Does anyone know if the moves in the Bruce Lee movies are speed up?  I know this is a common Hong Kong filming technique but I also heard that they are actual speed.  Any ideas?
Thanks
jeremy


----------



## shadowdragon (Feb 12, 2003)

I have read that they have actually done the opposite sometimes, they had to ask Bruce to slow his kicks, because his kicking was too fast for the filming techniques of that era. My point is they didn't speed up his moves.


----------



## jfarnsworth (Feb 12, 2003)

I've heard the same things as shadowdragon.


----------



## ace (Feb 12, 2003)

> _Originally posted by Samurai _
> *Does anyone know if the moves in the Bruce Lee movies are speed up?  I know this is a common Hong Kong filming technique but I also heard that they are actual speed.  Any ideas?
> Thanks
> jeremy *


Bruces Was asked often to slow down moves
His speed & Skill are verry impressive


----------



## Shinzu (Mar 1, 2003)

i heard the same alot.  the man was extremely fast.


----------



## Mormegil (Mar 2, 2003)

I watched, "Bruce Lee: A Warrior's Journey" the other day.

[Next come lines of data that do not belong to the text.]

(* In the $\beta$-model, for a fixed positive integer $r$, $$\|W_{22}-\widetilde W_{22}\|_{\max}\lesssim\frac{b_n^6}{n^3c_n^5},$$ where $W_{22}$ is the bottom-right $(n-r)\times(n-r)$ block of $W=V^{-1}-S$ and $\widetilde W_{22}=V_{22}^{-1}-S_{22}$.
   Context: $\beta$-model with parameter $\boldsymbol\beta\in\mathbb R^n$. $V=(v_{ij})$ with $v_{ij}=e^{\beta_i+\beta_j}/(1+e^{\beta_i+\beta_j})^2$ for $i\ne j$ and $v_{ii}=\sum_{j\ne i}v_{ij}$; $S=\mathrm{diag}(1/v_{11},\dots,1/v_{nn})$; $V_{22}$ is the bottom-right $(n-r)\times(n-r)$ block of $V$ and $S_{22}=\mathrm{diag}(1/v_{r+1,r+1},\dots,1/v_{nn})$. $\|J\|_{\max}=\max_{i,j}|J_{ij}|$. $b_n=\max_{i\neq j}(1+e^{\beta_i+\beta_j})^2/e^{\beta_i+\beta_j}$, $c_n=\min_{i\ne j}(\cdot)$. $x\lesssim y$ means $x\le Cy$ for a constant $C$ independent of $n$. *)

theory Defs
  imports "Jordan_Normal_Form.Gauss_Jordan_Elimination"
begin

text \<open>Beta-model quantities for a parameter vector beta indexed by 0,...,n-1
  (the paper's indices 1,...,n shifted by one).\<close>

definition bm_v :: "(nat \<Rightarrow> real) \<Rightarrow> nat \<Rightarrow> nat \<Rightarrow> real" where
  "bm_v \<beta> i j = exp (\<beta> i + \<beta> j) / (1 + exp (\<beta> i + \<beta> j))^2"

definition bm_V :: "nat \<Rightarrow> (nat \<Rightarrow> real) \<Rightarrow> real mat" where
  "bm_V n \<beta> = mat n n (\<lambda>(i,j). if i = j then (\<Sum>k\<in>{0..<n} - {i}. bm_v \<beta> i k) else bm_v \<beta> i j)"

definition bm_S :: "nat \<Rightarrow> (nat \<Rightarrow> real) \<Rightarrow> real mat" where
  "bm_S n \<beta> = mat n n (\<lambda>(i,j). if i = j then 1 / (bm_V n \<beta> $$ (i,i)) else 0)"

definition br_block :: "nat \<Rightarrow> real mat \<Rightarrow> real mat" where
  "br_block r M = mat (dim_row M - r) (dim_col M - r) (\<lambda>(i,j). M $$ (i + r, j + r))"

text \<open>Matrix inverse (V and V22 are invertible in the relevant range).\<close>
definition minv :: "real mat \<Rightarrow> real mat" where
  "minv M = the (mat_inverse M)"

definition max_norm :: "real mat \<Rightarrow> real" where
  "max_norm M = Max {\<bar>M $$ (i,j)\<bar> | i j. i < dim_row M \<and> j < dim_col M}"

definition bm_b :: "nat \<Rightarrow> (nat \<Rightarrow> real) \<Rightarrow> real" where
  "bm_b n \<beta> = Max {(1 + exp (\<beta> i + \<beta> j))^2 / exp (\<beta> i + \<beta> j) | i j. i < n \<and> j < n \<and> i \<noteq> j}"

definition bm_c :: "nat \<Rightarrow> (nat \<Rightarrow> real) \<Rightarrow> real" where
  "bm_c n \<beta> = Min {(1 + exp (\<beta> i + \<beta> j))^2 / exp (\<beta> i + \<beta> j) | i j. i < n \<and> j < n \<and> i \<noteq> j}"

definition bm_W22 :: "nat \<Rightarrow> nat \<Rightarrow> (nat \<Rightarrow> real) \<Rightarrow> real mat" where
  "bm_W22 r n \<beta> = br_block r (minv (bm_V n \<beta>) - bm_S n \<beta>)"

definition bm_W22_tilde :: "nat \<Rightarrow> nat \<Rightarrow> (nat \<Rightarrow> real) \<Rightarrow> real mat" where
  "bm_W22_tilde r n \<beta> = minv (br_block r (bm_V n \<beta>)) - br_block r (bm_S n \<beta>)"

end

theory Submission
  imports Defs "Jordan_Normal_Form.Determinant" "HOL-Analysis.Convex"
begin

text \<open>V = D + W is the signless Laplacian of the complete graph with edge weights v_ij in
  [1/b_n, 1/c_n]. Its quadratic form is y'Vy = 1/2 sum_ij v_ij (y_i + y_j)^2 >= (n-2)/b_n |y|^2, so
  V and V22 are invertible and every entry of V^-1 is at most b_n/(n-2). The S-terms cancel in
  W22 - tilde W22 = (V^-1)22 - V22^-1. With X = V22^-1 V21, the block-inverse identity gives
  (V^-1)22 - V22^-1 = -X (V^-1)12 and (V^-1)12 = -(X (V^-1)11)', so each entry is at most
  r^2 |X|max^2 |V^-1|max. A column x of X solves V22 x = (column of V21): the quadratic-form bound
  and Cauchy-Schwarz give |x|_1 <= 3 b_n/c_n, and then row i of the system, dominated by its
  diagonal entry >= (n-1)/b_n, gives |x_i| <= 4 b_n^2/((n-1) c_n^2).\<close>

lemma sum_lessThan_if_ge:
  fixes g :: "nat \<Rightarrow> 'a :: comm_monoid_add"
  shows "(\<Sum>k<n. if r \<le> k then g k else 0) = (\<Sum>k\<in>{r..<n}. g k)"
proof -
  have "{..<n} \<inter> {k. r \<le> k} = {r..<n}" by auto
  then show ?thesis using sum.inter_restrict[of "{..<n}" g "{k. r \<le> k}"] by simp
qed

lemma sum_if_eq_mult:
  fixes f :: "'b \<Rightarrow> 'a :: semiring_1"
  assumes "finite S"
  shows "(\<Sum>m\<in>S. (if i = m then 1 else 0) * f m) = (if i \<in> S then f i else 0)"
  using assms by (simp add: if_distrib[of "\<lambda>x. x * _"] sum.delta cong: if_cong)

lemma sum_atLeastLessThan_eq_sum_lessThan_shift:
  fixes f :: "nat \<Rightarrow> 'a :: comm_monoid_add"
  shows "(\<Sum>k\<in>{r..<n}. f k) = (\<Sum>k<n - r. f (k + r))"
  by (rule sum.reindex_bij_witness[of _ "\<lambda>k. k + r" "\<lambda>k. k - r"]) auto

lemma abs_le_inverse_if_weighted_squares_le:
  fixes q d x :: real
  assumes q: "0 < q" and d: "q * d\<^sup>2 \<le> d" and x: "q * x\<^sup>2 \<le> d"
  shows "\<bar>x\<bar> \<le> 1 / q"
proof -
  have "q * d \<le> 1"
  proof (cases "d \<le> 0")
    case True then show ?thesis using q mult_nonneg_nonpos[of q d] by linarith
  next
    case False then show ?thesis using d by (simp add: power2_eq_square mult.assoc)
  qed
  moreover have "(q * \<bar>x\<bar>)\<^sup>2 = q * (q * x\<^sup>2)" by (simp add: power2_eq_square)
  moreover have "q * (q * x\<^sup>2) \<le> q * d" using q x by (intro mult_left_mono) auto
  ultimately have "(q * \<bar>x\<bar>)\<^sup>2 \<le> 1\<^sup>2" by simp
  then have "q * \<bar>x\<bar> \<le> 1" by (rule power2_le_imp_le) simp
  then show ?thesis using q by (simp add: field_simps)
qed

lemma entry_bounds_product_le:
  fixes n b c :: real
  assumes n: "3 \<le> n" and c: "0 < c" and cb: "c \<le> b"
  shows "(4 * b\<^sup>2 / ((n - 1) * c\<^sup>2))\<^sup>2 * (b / (n - 2)) \<le> 108 * b ^ 6 / (n ^ 3 * c ^ 5)"
proof -
  have b: "0 < b" using c cb by linarith
  have cubic: "4 / 27 * n ^ 3 \<le> (n - 1)\<^sup>2 * (n - 2)"
  proof -
    have "(2 * n / 3)\<^sup>2 * (n / 3) \<le> (n - 1)\<^sup>2 * (n - 2)"
      using n by (intro mult_mono power_mono) auto
    then show ?thesis by (simp add: power2_eq_square power3_eq_cube)
  qed
  have ratio: "b ^ 5 / c ^ 4 \<le> b ^ 6 / c ^ 5"
  proof -
    have "b ^ 5 / c ^ 4 * 1 \<le> b ^ 5 / c ^ 4 * (b / c)" using b c cb by (intro mult_left_mono) auto
    then show ?thesis by (simp add: eval_nat_numeral)
  qed
  have "(4 * b\<^sup>2 / ((n - 1) * c\<^sup>2))\<^sup>2 * (b / (n - 2)) = 16 * (b ^ 5 / c ^ 4) / ((n - 1)\<^sup>2 * (n - 2))"
    using n c by (simp add: field_simps power2_eq_square eval_nat_numeral)
  also have "\<dots> \<le> 16 * (b ^ 6 / c ^ 5) / (4 / 27 * n ^ 3)"
    using n b c ratio cubic by (intro frac_le) auto
  also have "\<dots> = 108 * b ^ 6 / (n ^ 3 * c ^ 5)" by simp
  finally show ?thesis .
qed

text \<open>Q models V: for the beta-model, w is v off the diagonal and b, c are b_n, c_n.\<close>

locale signless_laplacian =
  fixes n :: nat and w :: "nat \<Rightarrow> nat \<Rightarrow> real" and b c :: real
  assumes n_ge_3: "3 \<le> n"
    and w_sym: "\<And>i j. w i j = w j i"
    and w_diag: "\<And>i. w i i = 0"
    and w_lower: "\<And>i j. i < n \<Longrightarrow> j < n \<Longrightarrow> i \<noteq> j \<Longrightarrow> 1 / b \<le> w i j"
    and w_upper: "\<And>i j. i < n \<Longrightarrow> j < n \<Longrightarrow> w i j \<le> 1 / c"
    and c_pos: "0 < c"
    and c_le_b: "c \<le> b"
begin

definition Q :: "nat \<Rightarrow> nat \<Rightarrow> real" where
  "Q i j = (if i = j then (\<Sum>k<n. w i k) else w i j)"

lemma b_pos: "0 < b"
  using c_pos c_le_b by linarith

lemma w_nonneg: "i < n \<Longrightarrow> j < n \<Longrightarrow> 0 \<le> w i j"
  using w_lower[of i j] b_pos w_diag[of i] by (cases "i = j") (auto intro: order_trans[rotated])

lemma Q_sym: "Q i j = Q j i"
  by (simp add: Q_def w_sym)

lemma Q_offdiag: "i \<noteq> j \<Longrightarrow> Q i j = w i j"
  by (simp add: Q_def)

lemma Q_diag_lower:
  assumes i: "i < n"
  shows "(real n - 1) / b \<le> Q i i"
proof -
  have "Q i i = (\<Sum>k\<in>{..<n}-{i}. w i k)"
    using i by (simp add: Q_def sum.remove w_diag)
  also have "\<dots> \<ge> (\<Sum>k\<in>{..<n}-{i}. 1 / b)"
    using i by (intro sum_mono w_lower) auto
  also have "(\<Sum>k\<in>{..<n}-{i}. 1 / b) = (real n - 1) / b"
    using i by (simp add: card_Diff_singleton of_nat_diff)
  finally show ?thesis .
qed

lemma quadratic_form_eq:
  "(\<Sum>i<n. y i * (\<Sum>j<n. Q i j * y j)) = (\<Sum>i<n. \<Sum>j<n. w i j * (y i + y j)\<^sup>2) / 2"
proof -
  let ?A = "\<Sum>i<n. \<Sum>j<n. w i j * (y i)\<^sup>2"
  let ?B = "\<Sum>i<n. \<Sum>j<n. w i j * (y i * y j)"
  have row: "y i * (\<Sum>j<n. Q i j * y j) = (\<Sum>j<n. w i j * (y i)\<^sup>2) + (\<Sum>j<n. w i j * (y i * y j))"
    if "i < n" for i
  proof -
    have "(\<Sum>j<n. Q i j * y j) = Q i i * y i + (\<Sum>j\<in>{..<n}-{i}. w i j * y j)"
      using that by (simp add: sum.remove Q_offdiag)
    also have "(\<Sum>j\<in>{..<n}-{i}. w i j * y j) = (\<Sum>j<n. w i j * y j)"
      using that by (simp add: sum.remove w_diag)
    finally show ?thesis
      by (simp add: Q_def sum_distrib_left sum_distrib_right power2_eq_square algebra_simps)
  qed
  have "(\<Sum>i<n. y i * (\<Sum>j<n. Q i j * y j)) = ?A + ?B"
    by (simp add: row sum.distrib)
  moreover have "?A = (\<Sum>i<n. \<Sum>j<n. w i j * (y j)\<^sup>2)"
    by (subst sum.swap) (simp add: w_sym)
  ultimately show ?thesis
    by (simp add: power2_eq_square algebra_simps sum.distrib sum_distrib_left)
qed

They had footage of some of the fight scenes which were rejected.  One was of Lee and Jabbar fighting.  The reason they were rejected was, they were moving too fast!  You could really see it.  They looked very staccatto / jerky.  Too quick to really follow very well.

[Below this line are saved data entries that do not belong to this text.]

(* Let $\phi:H\to G$ be a homomorphism of graphs, where $G$ is a finite graph. Then the induced functor of free categories $\mathcal{F}(\phi):\mathcal{F}(H)\to\mathcal{F}(G)$ is finitary if and only if $H$ is finite.
   Context: A graph is a directed multigraph: a set of nodes and a set of edges, each edge having a source node and a target node; it is finite if it has finitely many nodes and edges. A homomorphism of graphs maps nodes to nodes and edges to edges preserving source and target. $\mathcal{F}(G)$ denotes the free category generated by $G$: objects are nodes of $G$ and arrows are finite paths (including empty paths as identities), composed by concatenation; $\mathcal{F}(\phi)$ acts by $\phi$ on nodes and edgewise on paths. A functor $p:\mathcal{D}\to\mathcal{C}$ is finitary if for every object $A$ of $\mathcal{C}$ the set $p^{-1}(A)$ of objects of $\mathcal{D}$ mapped to $A$ is finite, and for every arrow $w$ of $\mathcal{C}$ the set $p^{-1}(w)$ of arrows of $\mathcal{D}$ mapped to $w$ is finite. *)

theory Defs
  imports Main
begin

record ('v, 'e) graph =
  nodes :: "'v set"
  edges :: "'e set"
  src :: "'e \<Rightarrow> 'v"
  tgt :: "'e \<Rightarrow> 'v"

definition wf_graph :: "('v, 'e) graph \<Rightarrow> bool" where
  "wf_graph G \<longleftrightarrow> (\<forall>e\<in>edges G. src G e \<in> nodes G \<and> tgt G e \<in> nodes G)"

definition finite_graph :: "('v, 'e) graph \<Rightarrow> bool" where
  "finite_graph G \<longleftrightarrow> finite (nodes G) \<and> finite (edges G)"

definition graph_hom ::
  "('v, 'e) graph \<Rightarrow> ('w, 'f) graph \<Rightarrow> ('v \<Rightarrow> 'w) \<Rightarrow> ('e \<Rightarrow> 'f) \<Rightarrow> bool" where
  "graph_hom H G fv fe \<longleftrightarrow>
     (\<forall>x\<in>nodes H. fv x \<in> nodes G) \<and>
     (\<forall>e\<in>edges H. fe e \<in> edges G \<and> src G (fe e) = fv (src H e) \<and> tgt G (fe e) = fv (tgt H e))"

fun is_path :: "('v, 'e) graph \<Rightarrow> 'v \<Rightarrow> 'e list \<Rightarrow> 'v \<Rightarrow> bool" where
  "is_path G a [] b \<longleftrightarrow> a \<in> nodes G \<and> a = b"
| "is_path G a (e # es) b \<longleftrightarrow> e \<in> edges G \<and> src G e = a \<and> a \<in> nodes G \<and> is_path G (tgt G e) es b"

text \<open>Free category F(G): objects are the nodes, arrows are triples (source, path, target)
  (the empty path at a is the identity at a), composition is concatenation.\<close>
definition free_objs :: "('v, 'e) graph \<Rightarrow> 'v set" where
  "free_objs G = nodes G"

definition free_arrs :: "('v, 'e) graph \<Rightarrow> ('v \<times> 'e list \<times> 'v) set" where
  "free_arrs G = {(a, es, b). is_path G a es b}"

definition free_fun_obj :: "('v \<Rightarrow> 'w) \<Rightarrow> 'v \<Rightarrow> 'w" where
  "free_fun_obj fv = fv"

definition free_fun_arr ::
  "('v \<Rightarrow> 'w) \<Rightarrow> ('e \<Rightarrow> 'f) \<Rightarrow> 'v \<times> 'e list \<times> 'v \<Rightarrow> 'w \<times> 'f list \<times> 'w" where
  "free_fun_arr fv fe = (\<lambda>(a, es, b). (fv a, map fe es, fv b))"

definition finitary ::
  "'a set \<Rightarrow> 'b set \<Rightarrow> 'c set \<Rightarrow> 'd set \<Rightarrow> ('a \<Rightarrow> 'c) \<Rightarrow> ('b \<Rightarrow> 'd) \<Rightarrow> bool" where
  "finitary DObj DArr CObj CArr po pa \<longleftrightarrow>
     (\<forall>A\<in>CObj. finite {x\<in>DObj. po x = A}) \<and>
     (\<forall>w\<in>CArr. finite {u\<in>DArr. pa u = w})"

end

theory Submission
  imports Defs
begin

text \<open>A finite graph has only finitely many paths of each length, and \<open>\<F>(\<phi>)\<close> preserves
  lengths, so its fibres are finite. Conversely, if \<open>G\<close> is finite then the fibres of
  \<open>\<F>(\<phi>)\<close> over the nodes of \<open>G\<close> cover the nodes of \<open>H\<close>, and those over the
  one-edge paths of \<open>G\<close> contain all one-edge paths of \<open>H\<close>, which are in bijection with
  the edges of \<open>H\<close>.\<close>

lemma finite_if_finite_fibres:
  assumes "finite Y" and "f ` X \<subseteq> Y" and "\<And>y. y \<in> Y \<Longrightarrow> finite {x \<in> X. f x = y}"
  shows "finite X"
proof (rule rev_finite_subset)
  show "finite (\<Union>y\<in>Y. {x \<in> X. f x = y})"
    using assms(1,3) by (rule finite_UN_I)
  show "X \<subseteq> (\<Union>y\<in>Y. {x \<in> X. f x = y})"
    using assms(2) by blast
qed

lemma finitary_finite_objs:
  assumes "finitary DObj DArr CObj CArr po pa"
    and "finite CObj" and "po ` DObj \<subseteq> CObj"
  shows "finite DObj"
  by (rule finite_if_finite_fibres[of CObj po]) (use assms in \<open>auto simp: finitary_def\<close>)

lemma finitary_finite_arrs:
  assumes "finitary DObj DArr CObj CArr po pa"
    and "X \<subseteq> DArr" and "finite Y" and "Y \<subseteq> CArr" and "pa ` X \<subseteq> Y"
  shows "finite X"
proof (rule finite_if_finite_fibres[of Y pa])
  fix y assume "y \<in> Y"
  then have "finite {u \<in> DArr. pa u = y}"
    using assms(1,4) by (auto simp: finitary_def)
  then show "finite {x \<in> X. pa x = y}"
    by (rule rev_finite_subset) (use assms(2) in blast)
qed (use assms in auto)

lemma is_path_imp_nodes_edges:
  "is_path G a es b \<Longrightarrow> a \<in> nodes G \<and> b \<in> nodes G \<and> set es \<subseteq> edges G"
  by (induction es arbitrary: a) auto

lemma finite_free_arrs_length:
  assumes "finite_graph G"
  shows "finite {(a, es, b) \<in> free_arrs G. length es = n}"
proof (rule finite_subset)
  show "{(a, es, b) \<in> free_arrs G. length es = n}
          \<subseteq> nodes G \<times> {es. set es \<subseteq> edges G \<and> length es = n} \<times> nodes G"
    by (auto simp: free_arrs_def dest: is_path_imp_nodes_edges)
  show "finite (nodes G \<times> {es. set es \<subseteq> edges G \<and> length es = n} \<times> nodes G)"
    using assms by (simp add: finite_graph_def finite_lists_length_eq)
qed

lemma finitary_free_fun_if_finite_graph:
  assumes "finite_graph H"
  shows "finitary (free_objs H) (free_arrs H) (free_objs G) (free_arrs G)
           (free_fun_obj fv) (free_fun_arr fv fe)"
  unfolding finitary_def
proof (intro conjI ballI)
  fix A
  show "finite {x \<in> free_objs H. free_fun_obj fv x = A}"
    using assms by (simp add: finite_graph_def free_objs_def)
next
  fix w assume "w \<in> free_arrs G"
  obtain x ws y where w: "w = (x, ws, y)"
    by (cases w) auto
  have "{u \<in> free_arrs H. free_fun_arr fv fe u = w}
          \<subseteq> {(a, es, b) \<in> free_arrs H. length es = length ws}"
    by (auto simp: w free_fun_arr_def)
  then show "finite {u \<in> free_arrs H. free_fun_arr fv fe u = w}"
    using finite_free_arrs_length[OF assms] by (rule finite_subset)
qed

definition edge_arr :: "('v, 'e) graph \<Rightarrow> 'e \<Rightarrow> 'v \<times> 'e list \<times> 'v" where
  "edge_arr G e = (src G e, [e], tgt G e)"

lemma inj_edge_arr: "inj_on (edge_arr G) A"
  by (rule inj_onI) (simp add: edge_arr_def)

lemma edge_arr_in_free_arrs:
  "wf_graph G \<Longrightarrow> e \<in> edges G \<Longrightarrow> edge_arr G e \<in> free_arrs G"
  by (simp add: wf_graph_def edge_arr_def free_arrs_def)

lemma free_fun_arr_edge_arr:
  "graph_hom H G fv fe \<Longrightarrow> e \<in> edges H \<Longrightarrow> free_fun_arr fv fe (edge_arr H e) = edge_arr G (fe e)"
  by (simp add: graph_hom_def edge_arr_def free_fun_arr_def)

lemma finite_graph_if_finitary_free_fun:
  assumes "wf_graph H" and "wf_graph G" and hom: "graph_hom H G fv fe" and "finite_graph G"
    and fin: "finitary (free_objs H) (free_arrs H) (free_objs G) (free_arrs G)
                (free_fun_obj fv) (free_fun_arr fv fe)"
  shows "finite_graph H"
proof -
  have "finite (nodes H)"
  proof (rule finitary_finite_objs[OF fin, unfolded free_objs_def])
    show "finite (nodes G)"
      using assms(4) by (simp add: finite_graph_def)
    show "free_fun_obj fv ` nodes H \<subseteq> nodes G"
      using hom by (auto simp: graph_hom_def free_fun_obj_def)
  qed
  moreover have "finite (edge_arr H ` edges H)"
  proof (rule finitary_finite_arrs[OF fin])
    show "edge_arr H ` edges H \<subseteq> free_arrs H"
      using edge_arr_in_free_arrs[OF assms(1)] by blast
    show "finite (edge_arr G ` edges G)"
      using assms(4) by (simp add: finite_graph_def)
    show "edge_arr G ` edges G \<subseteq> free_arrs G"
      using edge_arr_in_free_arrs[OF assms(2)] by blast
    have "fe ` edges H \<subseteq> edges G"
      using hom by (auto simp: graph_hom_def)
    then show "free_fun_arr fv fe ` edge_arr H ` edges H \<subseteq> edge_arr G ` edges G"
      using free_fun_arr_edge_arr[OF hom] by (simp add: image_image image_subset_iff)
  qed
  then have "finite (edges H)"
    using inj_edge_arr by (rule finite_imageD)
  ultimately show ?thesis
    by (simp add: finite_graph_def)
qed

theorem mainTheorem2:
  fixes H :: "('v, 'e) graph" and G :: "('w, 'f) graph"
    and fv :: "'v \<Rightarrow> 'w" and fe :: "'e \<Rightarrow> 'f"
  assumes "wf_graph H" and "wf_graph G"
    and "graph_hom H G fv fe"
    and "finite_graph G"
  shows "finitary (free_objs H) (free_arrs H) (free_objs G) (free_arrs G)
           (free_fun_obj fv) (free_fun_arr fv fe)
         \<longleftrightarrow> finite_graph H"
  using finite_graph_if_finitary_free_fun[OF assms] finitary_free_fun_if_finite_graph[of H G fv fe]
  by (rule iffI)

end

Interesting stuff.  The documentary also included 30 minutes of lost Game of Death footage (only 11 minutes of Bruce Lee fighting were in the theatrical release).


----------



## Shinzu (Mar 5, 2003)

i was not a big fan of game of death.  it was very dissapointing.  i realize that he died during the making, but it should have been left alone.  the final version doesn't do him any justice.


----------



## Cthulhu (Mar 7, 2003)

Another technique they used for Bruce, particularly on the Green Hornet series, was to speed up the camera during recording.  This way, when it was played back at normal speed, the action would be slowed down, but smooth.  Since Kato's costume was black, if they used a recorded at regular speed, they said it looked like Bruce walked up to a bad guy, there'd be a blur, then the guy would fall down.  Sometimes, it would look like the bad guy fell down for no reason.

Cthulhu


----------



## ace (Mar 9, 2003)

> _Originally posted by Shinzu _
> *i was not a big fan of game of death.  it was very dissapointing.  i realize that he died during the making, but it should have been left alone.  the final version doesn't do him any justice. *



I agree & disagree
No The Movie is not even close to Enter The Dragon or Way of The Dragon(Return of the dragon in the U.S.)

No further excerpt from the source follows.